[Dataset entries]
+---+

(* Let $k\ge 2$ and $n\ge 1$. For any $c\in\mathbb{N}$, there exists a classical $k$-party SMP protocol for the $k$-party equality function on $n$-bit inputs (the function of $x_1,\dots,x_k\in\{0,1\}^n$ that equals $1$ if and only if $x_1=x_2=\dots=x_k$), in which XOR-shared randomness is used and each player sends $c$ bits to the referee, such that: if $x_1=x_2=\dots=x_k$, the referee's answer is always $1$; otherwise, the referee's answer is $0$ with probability $1-1/2^c$.
   Context: The $k$-party SMP model: players $A_1,\dots,A_k$, where $A_i$ receives $x_i$, each send one message to a referee, who computes the output from the messages. XOR-shared randomness: each player $A_i$ receives an arbitrarily long random string $r_i$ (independent of the input) such that every $k-1$ of the strings $r_1,\dots,r_k$ are uniform and mutually independent, while the bitwise XOR $r_1\oplus\dots\oplus r_k$ is identically $0$. *)

theory Defs
  imports "HOL-Probability.Probability"
begin

text \<open>Bit strings are boolean lists; True = 1. Bitwise XOR of two strings.\<close>
definition xor_bits :: "bool list \<Rightarrow> bool list \<Rightarrow> bool list" where
  "xor_bits a b = map2 (\<noteq>) a b"

definition xor_all :: "nat \<Rightarrow> bool list list \<Rightarrow> bool list" where
  "xor_all m rs = foldr xor_bits rs (replicate m False)"

definition bitstrings :: "nat \<Rightarrow> bool list set" where
  "bitstrings m = {r. length r = m}"

text \<open>XOR-shared randomness for k players with strings of length m:
  r_1,...,r_{k-1} uniform and independent, r_k their XOR (so the total XOR is 0,
  and every k-1 of them are uniform and independent).\<close>
definition xor_shared :: "nat \<Rightarrow> nat \<Rightarrow> bool list list pmf" where
  "xor_shared k m =
     map_pmf (\<lambda>rs. rs @ [xor_all m rs])
       (pmf_of_set {rs. length rs = k - 1 \<and> (\<forall>r\<in>set rs. r \<in> bitstrings m)})"

text \<open>A k-party SMP protocol: player i (i < k) sends msg i x_i r_i; the referee
  applies ref to the list of the k messages. Output distribution on inputs xs.\<close>
definition smp_output ::
  "nat \<Rightarrow> nat \<Rightarrow> (nat \<Rightarrow> bool list \<Rightarrow> bool list \<Rightarrow> bool list) \<Rightarrow> (bool list list \<Rightarrow> bool)
    \<Rightarrow> bool list list \<Rightarrow> bool pmf" where
  "smp_output k m msg ref xs =
     map_pmf (\<lambda>rs. ref (map (\<lambda>i. msg i (xs ! i) (rs ! i)) [0..<k])) (xor_shared k m)"

end

theory Submission
  imports Defs
begin

text \<open>Split each player's random string into \<open>c\<close> blocks of \<open>n\<close> bits; bit \<open>j\<close> of player \<open>i\<close>'s
  message is the inner product over GF(2) of the \<open>j\<close>-th block of \<open>r\<^sub>i\<close> with \<open>x\<^sub>i\<close>, and the referee
  accepts iff every bit position has even parity. Since the \<open>r\<^sub>i\<close> XOR to zero and the inner product
  is bilinear, the parity of position \<open>j\<close> is \<open>\<Oplus>\<^sub>i<k-1 \<langle>r\<^sub>i\<^sup>j, x\<^sub>i \<oplus> x\<^sub>k\<rangle>\<close>. This vanishes when all inputs
  agree; otherwise some \<open>x\<^sub>i \<oplus> x\<^sub>k\<close> has a 1 at a position \<open>p\<close>, and flipping bit \<open>p\<close> in chosen blocks
  of the uniform \<open>r\<^sub>i\<close> flips any prescribed set of parities, so the \<open>c\<close> parities are uniform and all
  vanish with probability \<open>2\<^sup>-\<^sup>c\<close>.\<close>

fun parity :: "bool list \<Rightarrow> bool" where
  "parity [] = False"
| "parity (b # bs) = (b \<noteq> parity bs)"

lemma parity_append: "parity (xs @ ys) = (parity xs \<noteq> parity ys)"
  by (induction xs) auto

lemma parity_map_neq: "parity (map (\<lambda>i. f i \<noteq> g i) xs) = (parity (map f xs) \<noteq> parity (map g xs))"
  by (induction xs) auto

lemma parity_map_False: "(\<And>x. x \<in> set xs \<Longrightarrow> \<not> f x) \<Longrightarrow> \<not> parity (map f xs)"
  by (induction xs) auto

lemma parity_map_single:
  assumes "distinct xs" "p \<in> set xs" "\<And>x. x \<in> set xs \<Longrightarrow> x \<noteq> p \<Longrightarrow> \<not> f x"
  shows "parity (map f xs) = f p"
  using assms
proof (induction xs)
  case (Cons a xs)
  show ?case
  proof (cases "a = p")
    case True
    with Cons.prems have "\<not> parity (map f xs)" by (intro parity_map_False) auto
    with True show ?thesis by simp
  qed (use Cons in auto)
qed simp

lemma length_xor_bits: "length (xor_bits a b) = min (length a) (length b)"
  by (simp add: xor_bits_def)

lemma nth_xor_bits: "i < length a \<Longrightarrow> i < length b \<Longrightarrow> xor_bits a b ! i = (a ! i \<noteq> b ! i)"
  by (simp add: xor_bits_def)

lemma xor_bits_cancel: "length a = length b \<Longrightarrow> xor_bits (xor_bits a b) b = a"
  by (induction a b rule: list_induct2) (auto simp: xor_bits_def)

lemma xor_bits_self: "xor_bits a a = replicate (length a) False"
  by (induction a) (auto simp: xor_bits_def)

lemma xor_bits_replicate_False: "xor_bits (replicate (length a) False) a = a"
  by (induction a) (auto simp: xor_bits_def)

lemma length_xor_all: "(\<And>r. r \<in> set rs \<Longrightarrow> length r = m) \<Longrightarrow> length (xor_all m rs) = m"
  by (induction rs) (auto simp: xor_all_def xor_bits_def)

definition block_dot :: "nat \<Rightarrow> nat \<Rightarrow> bool list \<Rightarrow> bool list \<Rightarrow> bool" where
  "block_dot n j r x = parity (map (\<lambda>l. r ! (j * n + l) \<and> x ! l) [0..<n])"

lemma block_dot_xor_left:
  assumes "Suc j * n \<le> length r" "length s = length r"
  shows "block_dot n j (xor_bits r s) x = (block_dot n j r x \<noteq> block_dot n j s x)"
proof -
  have columns: "map (\<lambda>l. xor_bits r s ! (j * n + l) \<and> x ! l) [0..<n]
      = map (\<lambda>l. (r ! (j * n + l) \<and> x ! l) \<noteq> (s ! (j * n + l) \<and> x ! l)) [0..<n]"
    using assms by (auto simp: nth_xor_bits)
  show ?thesis unfolding block_dot_def columns parity_map_neq ..
qed

lemma block_dot_xor_right:
  assumes "length x = n" "length y = n"
  shows "block_dot n j r (xor_bits x y) = (block_dot n j r x \<noteq> block_dot n j r y)"
proof -
  have columns: "map (\<lambda>l. r ! (j * n + l) \<and> xor_bits x y ! l) [0..<n]
      = map (\<lambda>l. (r ! (j * n + l) \<and> x ! l) \<noteq> (r ! (j * n + l) \<and> y ! l)) [0..<n]"
    using assms by (auto simp: nth_xor_bits)
  show ?thesis unfolding block_dot_def columns parity_map_neq ..
qed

+---+

Among the lines above, find the ones containing "shows" and copy them.

  shows "parity (map f xs) = f p"
  shows "block_dot n j (xor_bits r s) x = (block_dot n j r x \<noteq> block_dot n j s x)"
  shows "block_dot n j r (xor_bits x y) = (block_dot n j r x \<noteq> block_dot n j r y)"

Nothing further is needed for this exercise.